If you still have time left, take the train down to the Borders. Scotrail has recently opened a rail line into the Scottish borders and from what I've heard and read, it's a splendid trip. The train leaves from Edinburgh and stops at various towns and villages along the way. There are tours offered or you can go on your own and see Abbotsford House (Scott's house), Jedburgh Abbey*, Hermitage Castle, Dryburgh Abbey* or Melrose Abbey* and really so much more. This trip is definitely on our list of things to do this summer as the weather warms up! This route makes these locations so much more accessible. Additionally, you can drive down to Dumfries and Galloway (home to Drumlanrig Castle and Caerlaeverock Castle*) on the western borders for some more beautiful sights.

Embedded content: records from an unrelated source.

(* Let $K\in\{\mathbb R,\mathbb C,\mathbb H\}$ and let $(E,d)$ be a metric vector space over $K$ such that $d$ is asymptotically multiplicative, unbounded on every non-trivial linear subspace, and such that for every $C_1>1$ there exists $C_0\ge0$ with $d\big(\sum_{i=1}^n x_i,\sum_{i=1}^n y_i\big)\le C_1\sum_{i=1}^n d(x_i,y_i)+nC_0$ for all $n\ge2$ and $x_1,\dots,x_n,y_1,\dots,y_n\in E$. Let $d_0(x,y)=\int_{\mathbb U}d(ux,uy)\,d\mu(u)$ and $\delta_0(x,y)=\lim_{n\to+\infty}\frac1n d_0(nx,ny)$. Then $\delta_0$ is translation invariant, i.e. $\delta_0(x+z,y+z)=\delta_0(x,y)$ for all $x,y,z\in E$, and setting $\|x-y\|=\delta_0(x,y)$ defines a norm $\|\cdot\|$ on $E$ such that the distance $\|x-y\|$ is asymptotically isometric to $d_0$ and to $d$.
   Context: A metric vector space is a topological vector space over $K$ whose topology is generated by the metric $d$. $\mathbb U=\{u\in K:|u|=1\}$, $\mu$ the right-invariant Haar probability measure on $\mathbb U$. $d$ is asymptotically multiplicative if for every $C_1>1$ there exist $C_2,C_3\ge0$ with $C_1^{-1}|\lambda|d(x,y)-C_2|\lambda|-C_3\le d(\lambda x,\lambda y)\le C_1|\lambda|d(x,y)+C_2|\lambda|+C_3$ for all $\lambda\in K$, $x,y\in E$. A distance $\rho$ is asymptotically isometric to a distance $\sigma$ if for every $A>1$ there is $B\ge0$ with $A^{-1}\sigma-B\le\rho\le A\sigma+B$ pointwise. (Under these hypotheses the limit defining $\delta_0$ exists.) *)

theory Defs
  imports "HOL-Analysis.Analysis" "HOL-Probability.Probability"
begin

definition left_vector_space :: "('k::ring_1 \<Rightarrow> 'e::ab_group_add \<Rightarrow> 'e) \<Rightarrow> bool" where
  "left_vector_space smul \<longleftrightarrow>
     (\<forall>a x y. smul a (x + y) = smul a x + smul a y) \<and>
     (\<forall>a b x. smul (a + b) x = smul a x + smul b x) \<and>
     (\<forall>a b x. smul (a * b) x = smul a (smul b x)) \<and>
     (\<forall>x. smul 1 x = x)"

definition metric_vector_space ::
  "('k::real_normed_div_algebra \<Rightarrow> 'e::ab_group_add \<Rightarrow> 'e) \<Rightarrow> ('e \<Rightarrow> 'e \<Rightarrow> real) \<Rightarrow> bool" where
  "metric_vector_space smul d \<longleftrightarrow>
     left_vector_space smul \<and>
     Metric_space UNIV d \<and>
     continuous_map (prod_topology (Metric_space.mtopology UNIV d) (Metric_space.mtopology UNIV d))
        (Metric_space.mtopology UNIV d) (\<lambda>(x, y). x + y) \<and>
     continuous_map (prod_topology euclidean (Metric_space.mtopology UNIV d))
        (Metric_space.mtopology UNIV d) (\<lambda>(a, x). smul a x)"

definition linear_subspace :: "('k::ring_1 \<Rightarrow> 'e::ab_group_add \<Rightarrow> 'e) \<Rightarrow> 'e set \<Rightarrow> bool" where
  "linear_subspace smul F \<longleftrightarrow> 0 \<in> F \<and> (\<forall>x\<in>F. \<forall>y\<in>F. x + y \<in> F) \<and> (\<forall>a. \<forall>x\<in>F. smul a x \<in> F)"

definition asymptotically_multiplicative ::
  "('k::real_normed_div_algebra \<Rightarrow> 'e \<Rightarrow> 'e) \<Rightarrow> ('e \<Rightarrow> 'e \<Rightarrow> real) \<Rightarrow> bool" where
  "asymptotically_multiplicative smul d \<longleftrightarrow>
     (\<forall>C1>1. \<exists>C2\<ge>0. \<exists>C3\<ge>0. \<forall>l x y.
        d x y * norm l / C1 - C2 * norm l - C3 \<le> d (smul l x) (smul l y) \<and>
        d (smul l x) (smul l y) \<le> C1 * norm l * d x y + C2 * norm l + C3)"

definition asymptotically_isometric :: "('e \<Rightarrow> 'e \<Rightarrow> real) \<Rightarrow> ('e \<Rightarrow> 'e \<Rightarrow> real) \<Rightarrow> bool" where
  "asymptotically_isometric \<rho> \<sigma> \<longleftrightarrow>
     (\<forall>A>1. \<exists>B\<ge>0. \<forall>x y. \<sigma> x y / A - B \<le> \<rho> x y \<and> \<rho> x y \<le> A * \<sigma> x y + B)"

definition haar_prob_unit_sphere :: "'k::real_normed_div_algebra measure \<Rightarrow> bool" where
  "haar_prob_unit_sphere \<mu> \<longleftrightarrow>
     sets \<mu> = sets (restrict_space borel {u. norm u = 1}) \<and>
     space \<mu> = {u. norm u = 1} \<and>
     prob_space \<mu> \<and>
     (\<forall>v. norm v = 1 \<longrightarrow> (\<forall>A\<in>sets \<mu>. emeasure \<mu> ((\<lambda>u. u * v) ` A) = emeasure \<mu> A))"
theorem theorem5p7:
  fixes n i j :: nat and lam :: "nat \<Rightarrow> real"
  assumes "n \<ge> 1" and "i \<in> {1..n}" and "j \<in> {1..n}"
    and "basic_system n i j"
    and "basic_weight n i j lam"
  shows "\<exists>m::nat. m > 0 \<and> (\<exists>\<mu> \<in> listed_weights n i j. lam = vscale (real m) \<mu>)"
proof -
  obtain a b m where m: "0 < m" "a - b = real m"
    and two_valued: "\<forall>t\<in>{1..n+1}. lam t = a \<or> lam t = b"
    and balance: "real j * a + real (n + 1 - j) * b = 0"
    using basic_weight_two_valued[OF assms(5,3)] .
  have V: "lam \<in> Vspace n"
    using assms(5) by (simp add: basic_weight_def integral_weight_def)
  have descents: "\<forall>k\<in>{1..n}. k \<noteq> i \<longrightarrow> lam (Suc k) < lam k"
    using basic_weight_descent[OF assms(5)] by blast
  show ?thesis
    using m two_valued_weight_in_listed_weights[OF V assms(1-3) two_valued m(2,1) balance descents]
    by blast
qed

end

If you're looking for even more places to visit especially off the beaten path, I would suggest the town of Oban (on the west coast because it is also home to various ferries that will take you to some of the Western Islands), the Orkney Islands at the very north of Scotland, or the Inner or Outer Hebrides. Getting to these places is a bit more difficult because you'll need to figure out transportation there and back, and a trip to the isles will probably be more costly than staying on the mainland, but it would definitely be a trip to remember!
*And lastly, if you're trying to save money and but still want to see a lot of the historic sites, I marked with an asterisk the Historic Scotland sites where you can get a year long membership. Visiting the most popular (and thereby expensive) sites can add up and this would give you the opportunity to see even more for a set fee.